Toward the end of our lazy summer days, my girls and I attended two more workshops with Tokyo Cotton Village as a sort of last hurrah before the start of school. The first one was a cotton-picking event, which turned out to be more of a cotton weeding event since the cotton wouldn't be ready for picking until September. So right about now, I suppose, is the time to harvest what we saw that month. Below I have some photos of Japanese cotton and American cotton. I think you will be able to spot the differences.

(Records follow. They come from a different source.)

(* $c(7)\ge 5$.
   Context: $\mathbb{F}_q$ is the finite field with $q$ elements. Hamming distance $d(u,v)=|\{i:u_i\ne v_i\}|$ on $\mathbb{F}_q^3$; $B(u)=\{v:d(u,v)\le1\}$; $E(u)=\bigcup_{\lambda\in\mathbb{F}_q}B(\lambda u)$. A set $\mathcal{H}\subseteq\mathbb{F}_q^3$ is a short covering if $\bigcup_{h\in\mathcal{H}}E(h)=\mathbb{F}_q^3$; $c(q)$ is the minimum cardinality of a short covering of $\mathbb{F}_q^3$. *)

theory Defs
  imports "HOL-Analysis.Finite_Cartesian_Product" "HOL-Library.Numeral_Type"
begin

text \<open>Vectors in \<open>F_q^n\<close> are \<open>'a ^ 'n\<close>; the field \<open>F_7\<close> is the numeral type \<open>7\<close>
  (integers mod 7), and \<open>F_7^3\<close> is \<open>7 ^ 3\<close>.\<close>

definition hamming :: "'a ^ 'n::finite \<Rightarrow> 'a ^ 'n \<Rightarrow> nat" where
  "hamming u v = card {i. u $ i \<noteq> v $ i}"

definition hball :: "'a ^ 'n::finite \<Rightarrow> ('a ^ 'n) set" where
  "hball u = {v. hamming u v \<le> 1}"

definition Eset :: "'a::comm_ring_1 ^ 'n::finite \<Rightarrow> ('a ^ 'n) set" where
  "Eset u = (\<Union>c. hball (\<chi> i. c * u $ i))"

definition short_covering :: "('a::comm_ring_1 ^ 'n::finite) set \<Rightarrow> bool" where
  "short_covering H \<longleftrightarrow> (\<Union>h\<in>H. Eset h) = UNIV"

definition min_short_covering :: "('a::comm_ring_1 ^ 'n::finite) itself \<Rightarrow> nat" where
  "min_short_covering _ = (LEAST k. \<exists>H :: ('a ^ 'n) set. short_covering H \<and> card H = k)"

end

theory Submission
  imports Defs "HOL-Analysis.Cartesian_Space"
begin
lemma V_saturated_grid_row_has_non_col_top:
  assumes "V_saturated (grid k l) F" "j \<in> {1..<l}" "1 \<le> k"
  shows "\<exists>y\<in>F. snd y = j \<and> \<not> col_top F y"
proof (rule ccontr)
  assume "\<not> (\<exists>y\<in>F. snd y = j \<and> \<not> col_top F y)"
  then have "\<forall>y\<in>F. snd y = j \<longrightarrow> col_top F y"
    by simp
  moreover have "F \<subseteq> grid k l" "V_free F" "(k, l) \<in> F"
    using assms V_saturated_grid_top[of k l F] by (simp_all add: V_saturated_def)
  ultimately obtain x where "x \<in> grid k l - F" "V_free (insert x F)"
    using V_free_extend_into_row_of_col_tops assms(2) by metis
  then show False
    using assms(1) by (simp add: V_saturated_def)
qed

theorem card_ge_if_V_saturated:
  assumes "V_saturated (grid k l) F" "1 \<le> k" "1 \<le> l"
  shows "k + l - 1 \<le> card F"
proof -
  have "finite F"
    using assms(1) finite_subset[OF _ finite_grid] unfolding V_saturated_def by blast
  have "n \<in> label k F ` F" if "n \<in> {1..k + l - 1}" for n
  proof (cases "n \<le> k")
    case True
    define column where "column = {y\<in>F. fst y = n}"
    have "\<exists>y\<in>F. fst y = n"
      using V_saturated_grid_column_nonempty[OF assms(1) _ assms(3), of n] that True by simp
    then have "column \<noteq> {}"
      unfolding column_def by blast
    moreover have "finite column"
      using \<open>finite F\<close> by (simp add: column_def)
    ultimately obtain t where "t \<in> column" "\<forall>y\<in>column. snd y \<le> snd t"
      using finite_has_maximal_maximizing[OF \<open>finite column\<close> \<open>column \<noteq> {}\<close> mono_snd] by metis
    then have "t \<in> F" "fst t = n" "col_top F t"
      unfolding column_def col_top_def by blast+
    then have "n = label k F t"
      by (simp add: label_def)
    then show ?thesis
      using \<open>t \<in> F\<close> by (rule image_eqI)
  next
    case False
    then have "n - k \<in> {1..<l}"
      using that by auto
    then obtain y where "y \<in> F" "snd y = n - k" "\<not> col_top F y"
      using V_saturated_grid_row_has_non_col_top[OF assms(1) _ assms(2)] by blast
    then have "n = label k F y"
      using False by (simp add: label_def)
    then show ?thesis
      using \<open>y \<in> F\<close> by (rule image_eqI)
  qed
  then have "card {1..k + l - 1} \<le> card (label k F ` F)"
    by (intro card_mono finite_imageI \<open>finite F\<close> subsetI)
  also have "\<dots> \<le> card F"
    by (rule card_image_le[OF \<open>finite F\<close>])
  finally show ?thesis
    by simp
qed
lemma prod_normal_density_eq:
  "(\<Prod>i\<in>UNIV. normal_density 0 \<sigma> ((x::real^'n) $ i)) =
   (1 / sqrt (2 * pi * \<sigma>\<^sup>2)) ^ CARD('n) * exp (- (x \<bullet> x) / (2 * \<sigma>\<^sup>2))"
proof -
  have "(\<Prod>i\<in>UNIV. normal_density 0 \<sigma> (x $ i))
      = (\<Prod>i\<in>UNIV. 1 / sqrt (2 * pi * \<sigma>\<^sup>2) * exp (- (x $ i)\<^sup>2 / (2 * \<sigma>\<^sup>2)))"
    by (simp add: normal_density_def)
  also have "\<dots> = (1 / sqrt (2 * pi * \<sigma>\<^sup>2)) ^ CARD('n) * exp (\<Sum>i\<in>UNIV. - (x $ i)\<^sup>2 / (2 * \<sigma>\<^sup>2))"
    unfolding prod.distrib prod_constant by (simp add: exp_sum)
  also have "(\<Sum>i\<in>UNIV. - (x $ i)\<^sup>2 / (2 * \<sigma>\<^sup>2)) = - (x \<bullet> x) / (2 * \<sigma>\<^sup>2)"
    by (simp add: inner_vec_def power2_eq_square sum_divide_distrib[symmetric] sum_negf)
  finally show ?thesis .
qed

lemma sets_gauss4 [simp]: "sets (gauss4 \<sigma>) = sets borel"
  by (simp add: gauss4_def)

lemma measurable_gauss4 [simp]:
  "measurable (gauss4 \<sigma>) N = measurable borel N" "measurable N (gauss4 \<sigma>) = measurable N borel"
  by (rule measurable_cong_sets; simp)+

lemma gauss4_distr_orthogonal_transformation:
  assumes f: "orthogonal_transformation f"
  shows "distr (gauss4 \<sigma>) borel f = gauss4 \<sigma>"
proof -
  define \<rho> where "\<rho> = (\<lambda>x::real^4. ennreal (\<Prod>i\<in>UNIV. normal_density 0 \<sigma> (x $ i)))"
  have [measurable]: "\<rho> \<in> borel_measurable borel" "f \<in> borel_measurable borel"
    using f by (auto simp: \<rho>_def orthogonal_transformation_linear linear_linear
        intro!: borel_measurable_continuous_onI linear_continuous_on)
  have "\<rho> (f x) = \<rho> x" for x
    using f by (simp add: \<rho>_def prod_normal_density_eq orthogonal_transformation_def)
  then have "distr (gauss4 \<sigma>) borel f = distr (density lborel (\<lambda>x. \<rho> (f x))) borel f"
    by (simp add: gauss4_def \<rho>_def)
  also have "\<dots> = density (distr lborel borel f) \<rho>" by (simp add: density_distr)
  also have "\<dots> = gauss4 \<sigma>"
    by (simp add: lborel_distr_orthogonal_transformation[OF f] gauss4_def \<rho>_def)
  finally show ?thesis .
qed
(* Let $Z=Z(t)$ be the unique formal power series in $t$ with $Z(0)=0$ and $Z=t(1+Z)^4/(1+Z^2)$, and let $\mu=\mu(t,u)$ be the unique formal power series in $t$ satisfying $$\mu=(u-1)\frac{(1+Z^2)(1+\mu Z)(1+\mu Z^2)(1+\mu Z^3)}{(1+Z)(1+Z+Z^2)(1-Z)^3(1-\mu Z^2)}.$$ Write $v=\frac{(u-1)Z(1+Z^2)}{(1+Z)(1+Z+Z^2)(1-Z)^3}$. Then $$\mu(t,u)=\frac{1}{Z^2}\left(\frac{2}{1+v(1-Z)^2/3+\frac23\sqrt{3+v^2(1-Z)^4}\,\cos(\phi/3)}-1\right),$$ where $\phi=\arccos\left(\dfrac{-9v(1+4Z+Z^2)+v^3(1-Z)^6}{(3+v^2(1-Z)^4)^{3/2}}\right)$. *)

theory Defs
  imports "HOL-Analysis.Analysis" "HOL-Computational_Algebra.Formal_Power_Series"
begin

text \<open>The closed-form right-hand side, as a real function of the value z = Z(t)
  (and the parameter u).\<close>

definition v_of :: "real \<Rightarrow> real \<Rightarrow> real" where
  "v_of u z = (u - 1) * z * (1 + z^2) / ((1 + z) * (1 + z + z^2) * (1 - z)^3)"

definition phi_of :: "real \<Rightarrow> real \<Rightarrow> real" where
  "phi_of u z = (let v = v_of u z in
     arccos ((- 9 * v * (1 + 4 * z + z^2) + v^3 * (1 - z)^6)
             / (3 + v^2 * (1 - z)^4) powr (3/2)))"

definition mu_closed_form :: "real \<Rightarrow> real \<Rightarrow> real" where
  "mu_closed_form u z = (let v = v_of u z in
     (1 / z^2) * (2 / (1 + v * (1 - z)^2 / 3
                       + (2/3) * sqrt (3 + v^2 * (1 - z)^4) * cos (phi_of u z / 3)) - 1))"

end

theory Submission
  imports Defs
begin

text \<open>Both series converge near \<open>t = 0\<close>: the truncated majorants
  \<open>\<Sum>n\<le>N. \<bar>c\<^sub>n\<bar> r\<^sup>n\<close> of \<open>Z\<close> and \<open>\<mu>\<close> stay bounded for a small \<open>r\<close>, by induction on \<open>N\<close>,
  because each defining equation expresses coefficient \<open>N + 1\<close> through lower ones.
  For the sums \<open>z\<close> and \<open>m\<close>, the substitution \<open>W = (1 - m z\<^sup>2) / (1 + m z\<^sup>2)\<close> turns the
  equation of \<open>\<mu>\<close> into the cubic \<open>W\<^sup>3 - s W\<^sup>2 - W + s ((1 + z) / (1 - z))\<^sup>2 = 0\<close> with
  \<open>s = v (1 - z)\<^sup>2\<close>, and the closed form is \<open>m\<close> recovered from the trigonometric (Viete) root
  of this cubic. As \<open>t \<rightarrow> 0\<close> we have \<open>s \<rightarrow> 0\<close> and both roots tend to \<open>1\<close>, which is a simple
  root of \<open>W\<^sup>3 - W\<close>; so for small \<open>t\<close> the two roots coincide.\<close>

section \<open>Majorants of formal power series\<close>

definition fps_norm_sum :: "'a::real_normed_algebra_1 fps \<Rightarrow> nat \<Rightarrow> real \<Rightarrow> real" where
  "fps_norm_sum A N r = (\<Sum>n\<le>N. norm (fps_nth A n) * r ^ n)"

lemma fps_norm_sum_nonneg: "r \<ge> 0 \<Longrightarrow> fps_norm_sum A N r \<ge> 0"
  unfolding fps_norm_sum_def by (intro sum_nonneg) auto

lemma fps_norm_sum_add:
  assumes "fps_norm_sum A N r \<le> a" "fps_norm_sum B N r \<le> b" "r \<ge> 0"
  shows "fps_norm_sum (A + B) N r \<le> a + b"
proof -
  have "fps_norm_sum (A + B) N r \<le> fps_norm_sum A N r + fps_norm_sum B N r"
    unfolding fps_norm_sum_def sum.distrib[symmetric] using \<open>r \<ge> 0\<close>
    by (intro sum_mono) (auto simp: distrib_right[symmetric] intro!: mult_right_mono norm_triangle_ineq)
  with assms show ?thesis by linarith
qed

lemma fps_norm_sum_uminus [simp]: "fps_norm_sum (- A) N r = fps_norm_sum A N r"
  by (simp add: fps_norm_sum_def)

lemma fps_norm_sum_diff:
  "fps_norm_sum A N r \<le> a \<Longrightarrow> fps_norm_sum B N r \<le> b \<Longrightarrow> r \<ge> 0 \<Longrightarrow> fps_norm_sum (A - B) N r \<le> a + b"
  using fps_norm_sum_add[of A N r a "- B" b] by simp

lemma fps_norm_sum_const [simp]: "fps_norm_sum (fps_const c) N r = norm c"
  by (simp add: fps_norm_sum_def sum.atMost_shift)

lemma fps_norm_sum_0 [simp]: "fps_norm_sum 0 N r = 0"
  by (simp add: fps_norm_sum_def)

lemma fps_norm_sum_1 [simp]: "fps_norm_sum 1 N r = 1"
  using fps_norm_sum_const[of 1] by simp

lemma fps_norm_sum_X:
  assumes "r \<ge> 0"
  shows "fps_norm_sum fps_X N r \<le> r"
proof -
  have "fps_norm_sum fps_X N r = (\<Sum>n\<in>{..N} \<inter> {1}. r ^ n)"
    unfolding fps_norm_sum_def by (rule sum.mono_neutral_cong_right) (auto simp: fps_X_def)
  also have "\<dots> \<le> r"
    using assms by (cases N) auto
  finally show ?thesis .
qed

lemma fps_norm_sum_mult_triangle:
  assumes "r \<ge> 0"
  shows "fps_norm_sum (A * B) N r
           \<le> (\<Sum>(i, j) | i + j \<le> N. (norm (fps_nth A i) * r ^ i) * (norm (fps_nth B j) * r ^ j))"
proof -
  have "norm (fps_nth (A * B) n) * r ^ n
          \<le> (\<Sum>i\<le>n. (norm (fps_nth A i) * r ^ i) * (norm (fps_nth B (n - i)) * r ^ (n - i)))" for n
  proof -
    have "norm (fps_nth (A * B) n) \<le> (\<Sum>i\<le>n. norm (fps_nth A i) * norm (fps_nth B (n - i)))"
      unfolding fps_mult_nth atLeast0AtMost
      by (rule order_trans[OF norm_sum sum_mono]) (rule norm_mult_ineq)
    then have "norm (fps_nth (A * B) n) * r ^ n
                 \<le> (\<Sum>i\<le>n. norm (fps_nth A i) * norm (fps_nth B (n - i))) * r ^ n"
      using assms by (intro mult_right_mono) auto
    also have "\<dots> = (\<Sum>i\<le>n. (norm (fps_nth A i) * r ^ i) * (norm (fps_nth B (n - i)) * r ^ (n - i)))"
      unfolding sum_distrib_right
      by (intro sum.cong refl) (simp add: mult_ac flip: power_add)
    finally show ?thesis .
  qed
  then have "fps_norm_sum (A * B) N r
               \<le> (\<Sum>n\<le>N. \<Sum>i\<le>n. (norm (fps_nth A i) * r ^ i) * (norm (fps_nth B (n - i)) * r ^ (n - i)))"
    unfolding fps_norm_sum_def by (intro sum_mono)
  also have "\<dots> = (\<Sum>(i, j) | i + j \<le> N. (norm (fps_nth A i) * r ^ i) * (norm (fps_nth B j) * r ^ j))"
    by (rule sum.triangle_reindex_eq[symmetric])
  finally show ?thesis .
qed
(* Let $A$ be an infinite alphabet and let $M\in\mathbb{N}$ with $M\geq 1$. Let $\tilde f:A^{M+2}\to\{0,1\}$ be a map satisfying: (1) there exist $x_1,\dots,x_M\in A$ such that there are infinitely many $x_{M+1}\in A$ for which $$1=\tilde f(x_1,x_2,\dots,x_M,x_{M+1},x_1)=\tilde f(x_2,x_3,\dots,x_{M+1},x_1,x_2)=\cdots=\tilde f(x_M,x_{M+1},x_1,\dots,x_M)=\tilde f(x_{M+1},x_1,x_2,\dots,x_{M+1}),$$ i.e. $\tilde f$ takes the value $1$ on each of the $M+1$ words of length $M+2$ obtained by reading $M+2$ consecutive letters of the periodic sequence $x_1x_2\cdots x_Mx_{M+1}x_1x_2\cdots$ starting at positions $1,2,\dots,M+1$; (2) for each $(x_1,\dots,x_{M+1})\in A^{M+1}$ there are only finitely many $x_{M+2}\in A$ with $\tilde f(x_1,\dots,x_{M+1},x_{M+2})=1$. Let $f$ be the $(M+1)$-step shift map induced by $\tilde f$ and $X_f$ the associated $(M+1)$-step shift space. Then $X_f$ is not conjugate to any $M$-step shift space (over any alphabet $B$).
   Context: Following Ott–Tomforde–Willis. For an alphabet $A$, let $\emptyset$ denote the empty sequence, $\Sigma_A^{fin}=\{\emptyset\}\cup\bigcup_{k\ge1}A^k$, $\Sigma_A^{inf}=A^{\mathbb N}$. The full shift is $\Sigma_A=\Sigma_A^{inf}$ if $A$ is finite and $\Sigma_A=\Sigma_A^{inf}\cup\Sigma_A^{fin}$ if $A$ is infinite. The length $l(x)$ is $k$ if $x\in A^k$ (with $l(\emptyset)=0$) and $\infty$ if $x\in\Sigma_A^{inf}$. The topology on $\Sigma_A$ has as basis the generalized cylinders $Z(x,F)=\{y\in\Sigma_A: y_i=x_i\ (1\le i\le k),\ y_{k+1}\notin F\}$ for $x=(x_1,\dots,x_k)\neq\emptyset$ and finite $F\subseteq A$, and $Z(\emptyset,F)=\{y\in\Sigma_A: y_1\notin F\}$ (the condition $y_{k+1}\notin F$ is vacuous when $F=\emptyset$; when $F\ne\emptyset$ it requires $l(y)\ge k+1$ or... precisely, $y$ of length $k$ belongs to $Z(x,F)$ as $y_{k+1}$ does not exist). The shift map $\sigma$ deletes the first letter (and sends $\emptyset$ and length-one words to $\emptyset$). A subblock of $x\in\Sigma_A$ is $u\in\Sigma_A^{fin}$ with $x=vuz$ for some $v\in\Sigma_A^{fin}$, $z\in\Sigma_A$. For $f:\bigcup_{k\ge1}A^k\to\{0,1\}$, let $X_f^{inf}=\{x\in\Sigma_A^{inf}: f(u)=1$ for every nonempty subblock $u$ of $x\}$, $X_f^{fin}=\{x\in\Sigma_A^{fin}:$ there are infinitely many $a\in A$ for which some $y\in\Sigma_A^{inf}$ has $xay\in X_f^{inf}\}$, and $X_f=X_f^{inf}\cup X_f^{fin}$. Given $N\ge0$ and $\tilde f:A^{N+1}\to\{0,1\}$, the $N$-step shift map induced by $\tilde f$ is $f(x)=1$ if $|x|\le N$ and $f(x)=\prod_{i=1}^{|x|-N}\tilde f(x_i,\dots,x_{N+i})$ if $|x|\ge N+1$. A subset of $\Sigma_A$ is an $N$-step shift space iff it equals $X_f$ for some $N$-step shift map $f$ induced by some $\tilde f:A^{N+1}\to\{0,1\}$ (equivalently, it is the shift space defined by a set of forbidden words all of length $N+1$). A conjugacy between shift spaces $\Lambda\subseteq\Sigma_A$ and $Y\subseteq\Sigma_B$ is a bijection $\phi:\Lambda\to Y$ that is continuous, commutes with the shift maps, and satisfies $l(\phi(x))=l(x)$ for all $x\in\Lambda$. *)

theory Defs
  imports "HOL-Analysis.Analysis" "HOL-Library.Extended_Nat"
begin

text \<open>Points of the full shift: finite words (including the empty word) or
  one-sided infinite sequences (indexed from 0) over the alphabet, which is
  the whole type 'a.\<close>
datatype 'a sq = Fin "'a list" | Inf "nat \<Rightarrow> 'a"

definition full_shift :: "'a sq set" where
  "full_shift = (if finite (UNIV :: 'a set) then range Inf else UNIV)"

fun sq_len :: "'a sq \<Rightarrow> enat" where
  "sq_len (Fin xs) = enat (length xs)"
| "sq_len (Inf x) = \<infinity>"

fun letter :: "'a sq \<Rightarrow> nat \<Rightarrow> 'a option" where
  "letter (Fin xs) i = (if i < length xs then Some (xs ! i) else None)"
| "letter (Inf x) i = Some (x i)"

fun shift :: "'a sq \<Rightarrow> 'a sq" where
  "shift (Fin xs) = Fin (tl xs)"
| "shift (Inf x) = Inf (\<lambda>n. x (Suc n))"

definition cyl :: "'a list \<Rightarrow> 'a set \<Rightarrow> 'a sq set" where
  "cyl x F = {y \<in> full_shift.
      (\<forall>i < length x. letter y i = Some (x ! i)) \<and>
      (\<forall>a. letter y (length x) = Some a \<longrightarrow> a \<notin> F)}"

definition shift_topology :: "'a sq topology" where
  "shift_topology = topology_generated_by {cyl x F | x F. finite F}"

definition Xinf :: "('a list \<Rightarrow> bool) \<Rightarrow> (nat \<Rightarrow> 'a) set" where
  "Xinf f = {x. \<forall>i n. n \<ge> 1 \<longrightarrow> f (map (\<lambda>j. x (i + j)) [0..<n])}"

definition prep :: "'a list \<Rightarrow> (nat \<Rightarrow> 'a) \<Rightarrow> nat \<Rightarrow> 'a" where
  "prep w y n = (if n < length w then w ! n else y (n - length w))"

definition Xfin :: "('a list \<Rightarrow> bool) \<Rightarrow> 'a list set" where
  "Xfin f = {w. infinite {a. \<exists>y. prep (w @ [a]) y \<in> Xinf f}}"

definition Xf :: "('a list \<Rightarrow> bool) \<Rightarrow> 'a sq set" where
  "Xf f = Inf ` Xinf f \<union> Fin ` Xfin f"

definition induced :: "nat \<Rightarrow> ('a list \<Rightarrow> bool) \<Rightarrow> 'a list \<Rightarrow> bool" where
  "induced N ft x = (length x \<le> N \<or>
      (\<forall>i < length x - N. ft (map (\<lambda>j. x ! (i + j)) [0..<N+1])))"

definition N_step_space :: "nat \<Rightarrow> 'a sq set \<Rightarrow> bool" where
  "N_step_space N Y \<longleftrightarrow> (\<exists>ft :: 'a list \<Rightarrow> bool. Y = Xf (induced N ft))"

definition conjugacy :: "('a sq \<Rightarrow> 'b sq) \<Rightarrow> 'a sq set \<Rightarrow> 'b sq set \<Rightarrow> bool" where
  "conjugacy \<phi> L Y \<longleftrightarrow>
     bij_betw \<phi> L Y \<and>
     continuous_map (subtopology shift_topology L) (subtopology shift_topology Y) \<phi> \<and>
     (\<forall>x \<in> L. \<phi> (shift x) = shift (\<phi> x)) \<and>
     (\<forall>x \<in> L. sq_len (\<phi> x) = sq_len x)"

end

theory Submission
  imports Defs
begin

(*
  Let X be the (M+1)-step space of ft.
  Condition (2) says that every block of length M+1 has only finitely many allowed
  successors, so X contains no finite word of length >= M+1.  Condition (1) gives a
  word xs of length M and infinitely many letters a for which the periodic point
  (xs a)^oo lies in X; hence xs is a finite point of X, and as a -> oo these periodic
  points converge to xs.  Suppose phi : X -> Y is a conjugacy onto an M-step space Y.
  Then phi(xs) = v has length M, the images of the periodic points are (M+1)-periodic
  points of Y, and by continuity they converge to v: infinitely many of them begin
  with v and carry infinitely many different letters at position M.  Two such points
  overlap in M letters, so in the M-step space Y they can be glued; this exhibits a
  finite point of Y of length 2M+1, whose preimage is a finite point of X of length
  2M+1, a contradiction.
*)

section \<open>Windows and the points of an N-step space\<close>

definition window :: "(nat \<Rightarrow> 'a) \<Rightarrow> nat \<Rightarrow> nat \<Rightarrow> 'a list" where
  "window x i n = map (\<lambda>j. x (i + j)) [0..<n]"

lemma length_window [simp]: "length (window x i n) = n"
  by (simp add: window_def)

lemma nth_window [simp]: "j < n \<Longrightarrow> window x i n ! j = x (i + j)"
  by (simp add: window_def)

lemma window_eq_drop: "window x i n = drop i (map x [0..<i + n])"
  by (simp add: window_def drop_map list_eq_iff_nth_eq)

lemma window_of_window:
  "k + N < n \<Longrightarrow> map (\<lambda>j. window x i n ! (k + j)) [0..<Suc N] = window x (i + k) (Suc N)"
  by (simp add: list_eq_iff_nth_eq add.assoc del: upt_Suc)

lemma induced_window_iff:
  "induced N g (window x i n) \<longleftrightarrow> (\<forall>k. k + N < n \<longrightarrow> g (window x (i + k) (Suc N)))"
proof -
  have "induced N g (window x i n) \<longleftrightarrow>
      (n \<le> N \<or> (\<forall>k < n - N. g (map (\<lambda>j. window x i n ! (k + j)) [0..<Suc N])))"
    by (simp add: induced_def del: upt_Suc)
  also have "\<dots> \<longleftrightarrow> (\<forall>k. k + N < n \<longrightarrow> g (window x (i + k) (Suc N)))"
    by (auto simp: window_of_window less_diff_conv simp del: upt_Suc)
  finally show ?thesis .
qed

lemma Xinf_induced: "x \<in> Xinf (induced N g) \<longleftrightarrow> (\<forall>i. g (window x i (Suc N)))"
proof -
  have "x \<in> Xinf (induced N g) \<longleftrightarrow> (\<forall>i n. 1 \<le> n \<longrightarrow> induced N g (window x i n))"
    unfolding Xinf_def window_def by simp
  also have "\<dots> \<longleftrightarrow> (\<forall>i. g (window x i (Suc N)))"
  proof
    assume "\<forall>i n. 1 \<le> n \<longrightarrow> induced N g (window x i n)"
    then show "\<forall>i. g (window x i (Suc N))"
      using induced_window_iff[of N g x _ "Suc N"] by force
  qed (simp add: induced_window_iff)
  finally show ?thesis .
qed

We went to a place called the "Goat Cafe", and it lived up to its name with the resident goat, who was too camera-shy to pose for pictures, but trust me - she was there. Aside from the cotton, there were other things I spotted growing in the field behind the cafe: persimmons, limes, and goya, to name a few.
Once the weeding work was finished, we all had a go at de-seeding the cotton that our host Mr. Tomizawa supplied, and enjoyed a delicious barbeque while the children made up their own "barbeque" complete with cicada shells. Yum. Um, not. But the s'mores we had were yummy. I can't remember the last time I ate them. Maybe at a Girl Scout Jamboree that I attended back when I was living in Chicago oh so long ago...
When I first started reading up on where and how our clothes are made, naturally the question of textile dyeing and environmental pollution came up. What sorts of dyes are being used on fabric? What happens to the water when those dyes are used? What about to the people who live nearby? Where do all those beautiful colors come from? I kept reading, and more questions than answers kept popping up in my head.
For the workshop, we used three dyes derived from natural sources. My daughter and I were most keen to try the traditional blue color, ai-zome, which you can read about here. It was so amazing to watch the process because when you first dip your cloth in the dye and take it out, it appears to be a greenish color. But after it hits the air, it starts to turn that recognizable indigo blue. I tried to document the process so you could get an idea of what it was like.
Amazing, right? We certainly thought so.
This is the one my daughter made. I think she must have been pretty proud of it because she drew a picture of it when we got home.
It was such an interesting learning experience, and also an experimental one, as we were all unsure of how the dyes would turn out. My attempt at gradation, for example, was a total failure, haha. But it turned out pretty enough. And I think that's half the fun. No such things as mistakes, as I always tell my girls.